* **The task**
Return the following entries exactly, word for word.

* **Data for analysis**
== Segment start ==
(* Let $X$ be a set, $B\subseteq\mathbb{R}^X$ an $\mathbb{R}$-subalgebra and $Q\subseteq B$ a quadratic module with $K_{Q,X}=X$ and $m(X)=K_{Q,Y_B}$. Let $f\in\mathbb{R}^X$ and $A=B[f]\subseteq\mathbb{R}^X$. In each of the following cases, the restriction map $p\colon K_{Q',Y_A}\to K_{Q,Y_B}$ is injective, $K_{Q',X}=X$, and $m(X)=K_{Q',Y_A}$: (1) $f=\sqrt[r]{g}$ (pointwise real $r$-th root) with $r$ odd and $g\in B$, and $Q'$ is the quadratic module of $A$ generated by $Q$; (2) $f=\sqrt[s]{g}$ (pointwise nonnegative $s$-th root) with $s$ even, $g\in B$, $g\ge0$ on $X$, and $Q'$ is the quadratic module of $A$ generated by $Q$ and $f$; (3) $f=\frac1g$ with $g\in B$, $g(x)\ne0$ for all $x\in X$, and $Q'$ is the quadratic module of $A$ generated by $Q$; (4) $f=g\cdot\chi_{\{q\ge0\}}+h\cdot\chi_{\{q<0\}}$ for some $g,h,q\in B$ such that for $x\in X$, $q(x)=0$ implies $g(x)=h(x)$, and $Q'$ is the quadratic module of $A$ generated by $Q$ and $-q(f-g)^2$, $q(f-h)^2$.
   Context: A quadratic module of a commutative unital $\mathbb{R}$-algebra $C$ is a subset $Q\subseteq C$ with $Q+Q\subseteq Q$, $c^2Q\subseteq Q$ for all $c\in C$, and $1\in Q$. For an $\mathbb{R}$-subalgebra $C\subseteq\mathbb{R}^X$ and a quadratic module $Q$ of $C$: $K_{Q,X}:=\{x\in X\mid g(x)\ge0\ \forall g\in Q\}$; $Y_C$ is the set of unital $\mathbb{R}$-algebra homomorphisms $C\to\mathbb{R}$, with the weakest topology making all maps $y\mapsto y(c)$ continuous; $K_{Q,Y_C}:=\{y\in Y_C\mid y(g)\ge0\ \forall g\in Q\}$; $m\colon X\to Y_C$, $m(x)(c)=c(x)$. The map $p\colon Y_A\to Y_B$ is restriction $y\mapsto y|_B$; it maps $K_{Q',Y_A}$ into $K_{Q,Y_B}$ whenever $Q'\cap B\supseteq Q$. $\chi_S$ denotes the characteristic function of $S\subseteq X$, and $\{q\ge0\}=\{x\in X\mid q(x)\ge0\}$, etc. *)

theory Defs
  imports "HOL-Library.FuncSet" Complex_Main
begin

text \<open>The ambient set X is the type 'x; elements of R^X are functions 'x \<Rightarrow> real.\<close>

definition subalgebra :: "('x \<Rightarrow> real) set \<Rightarrow> bool" where
  "subalgebra A \<longleftrightarrow> (\<lambda>x. 1) \<in> A
     \<and> (\<forall>a\<in>A. \<forall>b\<in>A. (\<lambda>x. a x + b x) \<in> A \<and> (\<lambda>x. a x * b x) \<in> A)
     \<and> (\<forall>c::real. \<forall>a\<in>A. (\<lambda>x. c * a x) \<in> A)"

definition quadratic_module :: "('x \<Rightarrow> real) set \<Rightarrow> ('x \<Rightarrow> real) set \<Rightarrow> bool" where
  "quadratic_module C Q \<longleftrightarrow> Q \<subseteq> C
     \<and> (\<forall>a\<in>Q. \<forall>b\<in>Q. (\<lambda>x. a x + b x) \<in> Q)
     \<and> (\<forall>c\<in>C. \<forall>a\<in>Q. (\<lambda>x. (c x)^2 * a x) \<in> Q)
     \<and> (\<lambda>x. 1) \<in> Q"

text \<open>Y_C: unital R-algebra homomorphisms C \<rightarrow> R, represented extensionally on C.\<close>
definition char_space :: "('x \<Rightarrow> real) set \<Rightarrow> (('x \<Rightarrow> real) \<Rightarrow> real) set" where
  "char_space C = {y \<in> extensional C.
     (\<forall>a\<in>C. \<forall>b\<in>C. y (\<lambda>x. a x + b x) = y a + y b \<and> y (\<lambda>x. a x * b x) = y a * y b)
     \<and> (\<forall>c::real. \<forall>a\<in>C. y (\<lambda>x. c * a x) = c * y a)
     \<and> y (\<lambda>x. 1) = 1}"

definition KX :: "('x \<Rightarrow> real) set \<Rightarrow> 'x set" where
  "KX Q = {x. \<forall>g\<in>Q. 0 \<le> g x}"

definition KY :: "('x \<Rightarrow> real) set \<Rightarrow> ('x \<Rightarrow> real) set \<Rightarrow> (('x \<Rightarrow> real) \<Rightarrow> real) set" where
  "KY C Q = {y \<in> char_space C. \<forall>g\<in>Q. 0 \<le> y g}"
== Segment end ==
* **Solution to this problem**
(* Let $X$ be a set, $B\subseteq\mathbb{R}^X$ an $\mathbb{R}$-subalgebra and $Q\subseteq B$ a quadratic module with $K_{Q,X}=X$ and $m(X)=K_{Q,Y_B}$. Let $f\in\mathbb{R}^X$ and $A=B[f]\subseteq\mathbb{R}^X$. In each of the following cases, the restriction map $p\colon K_{Q',Y_A}\to K_{Q,Y_B}$ is injective, $K_{Q',X}=X$, and $m(X)=K_{Q',Y_A}$: (1) $f=\sqrt[r]{g}$ (pointwise real $r$-th root) with $r$ odd and $g\in B$, and $Q'$ is the quadratic module of $A$ generated by $Q$; (2) $f=\sqrt[s]{g}$ (pointwise nonnegative $s$-th root) with $s$ even, $g\in B$, $g\ge0$ on $X$, and $Q'$ is the quadratic module of $A$ generated by $Q$ and $f$; (3) $f=\frac1g$ with $g\in B$, $g(x)\ne0$ for all $x\in X$, and $Q'$ is the quadratic module of $A$ generated by $Q$; (4) $f=g\cdot\chi_{\{q\ge0\}}+h\cdot\chi_{\{q<0\}}$ for some $g,h,q\in B$ such that for $x\in X$, $q(x)=0$ implies $g(x)=h(x)$, and $Q'$ is the quadratic module of $A$ generated by $Q$ and $-q(f-g)^2$, $q(f-h)^2$.
   Context: A quadratic module of a commutative unital $\mathbb{R}$-algebra $C$ is a subset $Q\subseteq C$ with $Q+Q\subseteq Q$, $c^2Q\subseteq Q$ for all $c\in C$, and $1\in Q$. For an $\mathbb{R}$-subalgebra $C\subseteq\mathbb{R}^X$ and a quadratic module $Q$ of $C$: $K_{Q,X}:=\{x\in X\mid g(x)\ge0\ \forall g\in Q\}$; $Y_C$ is the set of unital $\mathbb{R}$-algebra homomorphisms $C\to\mathbb{R}$, with the weakest topology making all maps $y\mapsto y(c)$ continuous; $K_{Q,Y_C}:=\{y\in Y_C\mid y(g)\ge0\ \forall g\in Q\}$; $m\colon X\to Y_C$, $m(x)(c)=c(x)$. The map $p\colon Y_A\to Y_B$ is restriction $y\mapsto y|_B$; it maps $K_{Q',Y_A}$ into $K_{Q,Y_B}$ whenever $Q'\cap B\supseteq Q$. $\chi_S$ denotes the characteristic function of $S\subseteq X$, and $\{q\ge0\}=\{x\in X\mid q(x)\ge0\}$, etc. *)

theory Defs
  imports "HOL-Library.FuncSet" Complex_Main
begin

text \<open>The ambient set X is the type 'x; elements of R^X are functions 'x \<Rightarrow> real.\<close>

definition subalgebra :: "('x \<Rightarrow> real) set \<Rightarrow> bool" where
  "subalgebra A \<longleftrightarrow> (\<lambda>x. 1) \<in> A
     \<and> (\<forall>a\<in>A. \<forall>b\<in>A. (\<lambda>x. a x + b x) \<in> A \<and> (\<lambda>x. a x * b x) \<in> A)
     \<and> (\<forall>c::real. \<forall>a\<in>A. (\<lambda>x. c * a x) \<in> A)"

definition quadratic_module :: "('x \<Rightarrow> real) set \<Rightarrow> ('x \<Rightarrow> real) set \<Rightarrow> bool" where
  "quadratic_module C Q \<longleftrightarrow> Q \<subseteq> C
     \<and> (\<forall>a\<in>Q. \<forall>b\<in>Q. (\<lambda>x. a x + b x) \<in> Q)
     \<and> (\<forall>c\<in>C. \<forall>a\<in>Q. (\<lambda>x. (c x)^2 * a x) \<in> Q)
     \<and> (\<lambda>x. 1) \<in> Q"

text \<open>Y_C: unital R-algebra homomorphisms C \<rightarrow> R, represented extensionally on C.\<close>
definition char_space :: "('x \<Rightarrow> real) set \<Rightarrow> (('x \<Rightarrow> real) \<Rightarrow> real) set" where
  "char_space C = {y \<in> extensional C.
     (\<forall>a\<in>C. \<forall>b\<in>C. y (\<lambda>x. a x + b x) = y a + y b \<and> y (\<lambda>x. a x * b x) = y a * y b)
     \<and> (\<forall>c::real. \<forall>a\<in>C. y (\<lambda>x. c * a x) = c * y a)
     \<and> y (\<lambda>x. 1) = 1}"

definition KX :: "('x \<Rightarrow> real) set \<Rightarrow> 'x set" where
  "KX Q = {x. \<forall>g\<in>Q. 0 \<le> g x}"

definition KY :: "('x \<Rightarrow> real) set \<Rightarrow> ('x \<Rightarrow> real) set \<Rightarrow> (('x \<Rightarrow> real) \<Rightarrow> real) set" where
  "KY C Q = {y \<in> char_space C. \<forall>g\<in>Q. 0 \<le> y g}"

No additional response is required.